(* Let $n\geq3$ and let $C_n$ be the cycle graph with vertices $x_1,\ldots,x_n$ and edges $\{x_i,x_{i+1}\}$ ($1\le i\le n-1$) and $\{x_n,x_1\}$, so that $NI(C_n)=(x_ix_{i+1}x_{i+2} : i=1,\ldots,n)\subset R=K[x_1,\ldots,x_n]$ with indices read modulo $n$. Then $NI(C_n)$ is normal, has the strong persistence property, and has the persistence property.
   Context: For a simple graph $G$, $N_G[i]=\{j:\{i,j\}\in E(G)\}\cup\{i\}$ and $NI(G)=(\prod_{j\in N_G[i]}x_j : i\in V(G))$. An ideal $I$ is normal if $\overline{I^k}=I^k$ for all $k\geq1$ (integral closure). It has the strong persistence property if $(I^{k+1}:I)=I^k$ for all $k\ge1$, and the persistence property if $\mathrm{Ass}(R/I^k)\subseteq\mathrm{Ass}(R/I^{k+1})$ for all $k\ge1$. *)

theory Defs
  imports "HOL-Library.Poly_Mapping"
begin

text \<open>Polynomial ring K[x_v : v in 'v] rendered as finitely supported maps from
  exponent vectors to coefficients (monomials = exponent vectors, polynomials = finitely supported coefficient maps).\<close>

definition ideal_gen :: "'a::comm_ring_1 set \<Rightarrow> 'a set" where
  "ideal_gen S = {(\<Sum>s\<in>F. c s * s) | F c. finite F \<and> F \<subseteq> S}"

definition is_ideal :: "'a::comm_ring_1 set \<Rightarrow> bool" where
  "is_ideal I \<longleftrightarrow> 0 \<in> I \<and> (\<forall>a\<in>I. \<forall>b\<in>I. a + b \<in> I) \<and> (\<forall>r. \<forall>a\<in>I. r * a \<in> I)"

definition ideal_prod :: "'a::comm_ring_1 set \<Rightarrow> 'a set \<Rightarrow> 'a set" where
  "ideal_prod I J = ideal_gen {a * b | a b. a \<in> I \<and> b \<in> J}"

primrec ideal_pow :: "'a::comm_ring_1 set \<Rightarrow> nat \<Rightarrow> 'a set" where
  "ideal_pow I 0 = UNIV"
| "ideal_pow I (Suc k) = ideal_prod (ideal_pow I k) I"

definition colon :: "'a::comm_ring_1 set \<Rightarrow> 'a set \<Rightarrow> 'a set" where
  "colon J I = {f. \<forall>g\<in>I. f * g \<in> J}"

definition int_closure :: "'a::comm_ring_1 set \<Rightarrow> 'a set" where
  "int_closure I = {r. \<exists>m\<ge>1. \<exists>a::nat \<Rightarrow> 'a. (\<forall>i\<in>{1..m}. a i \<in> ideal_pow I i) \<and>
       r ^ m + (\<Sum>i=1..m. a i * r ^ (m - i)) = 0}"

definition normal_ideal :: "'a::comm_ring_1 set \<Rightarrow> bool" where
  "normal_ideal I \<longleftrightarrow> (\<forall>k\<ge>1. int_closure (ideal_pow I k) = ideal_pow I k)"

definition strong_persistence :: "'a::comm_ring_1 set \<Rightarrow> bool" where
  "strong_persistence I \<longleftrightarrow> (\<forall>k\<ge>1. colon (ideal_pow I (k + 1)) I = ideal_pow I k)"

definition prime_ideal :: "'a::comm_ring_1 set \<Rightarrow> bool" where
  "prime_ideal P \<longleftrightarrow> is_ideal P \<and> P \<noteq> UNIV \<and> (\<forall>a b. a * b \<in> P \<longrightarrow> a \<in> P \<or> b \<in> P)"

text \<open>Associated primes of R/I: primes that are annihilators of elements f + I,
  i.e. of the form (I : f).\<close>
definition Ass :: "'a::comm_ring_1 set \<Rightarrow> 'a set set" where
  "Ass I = {P. prime_ideal P \<and> (\<exists>f. P = colon I {f})}"

definition persistence :: "'a::comm_ring_1 set \<Rightarrow> bool" where
  "persistence I \<longleftrightarrow> (\<forall>k\<ge>1. Ass (ideal_pow I k) \<subseteq> Ass (ideal_pow I (k + 1)))"

definition Var :: "'v \<Rightarrow> ('v \<Rightarrow>\<^sub>0 nat) \<Rightarrow>\<^sub>0 'k::comm_ring_1" where
  "Var j = Poly_Mapping.single (Poly_Mapping.single j 1) 1"

text \<open>Graphs: symmetric irreflexive edge relation E on a finite vertex type.\<close>
definition closed_nbhd :: "('v \<Rightarrow> 'v \<Rightarrow> bool) \<Rightarrow> 'v \<Rightarrow> 'v set" where
  "closed_nbhd E i = {j. E i j} \<union> {i}"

_ABOUT THIS TASK_:
Only lines containing the word "that" should be copied from the material above.

_REPLY TO THE EXERCISE_:
(* Let $n\geq3$ and let $C_n$ be the cycle graph with vertices $x_1,\ldots,x_n$ and edges $\{x_i,x_{i+1}\}$ ($1\le i\le n-1$) and $\{x_n,x_1\}$, so that $NI(C_n)=(x_ix_{i+1}x_{i+2} : i=1,\ldots,n)\subset R=K[x_1,\ldots,x_n]$ with indices read modulo $n$. Then $NI(C_n)$ is normal, has the strong persistence property, and has the persistence property.
text \<open>Associated primes of R/I: primes that are annihilators of elements f + I,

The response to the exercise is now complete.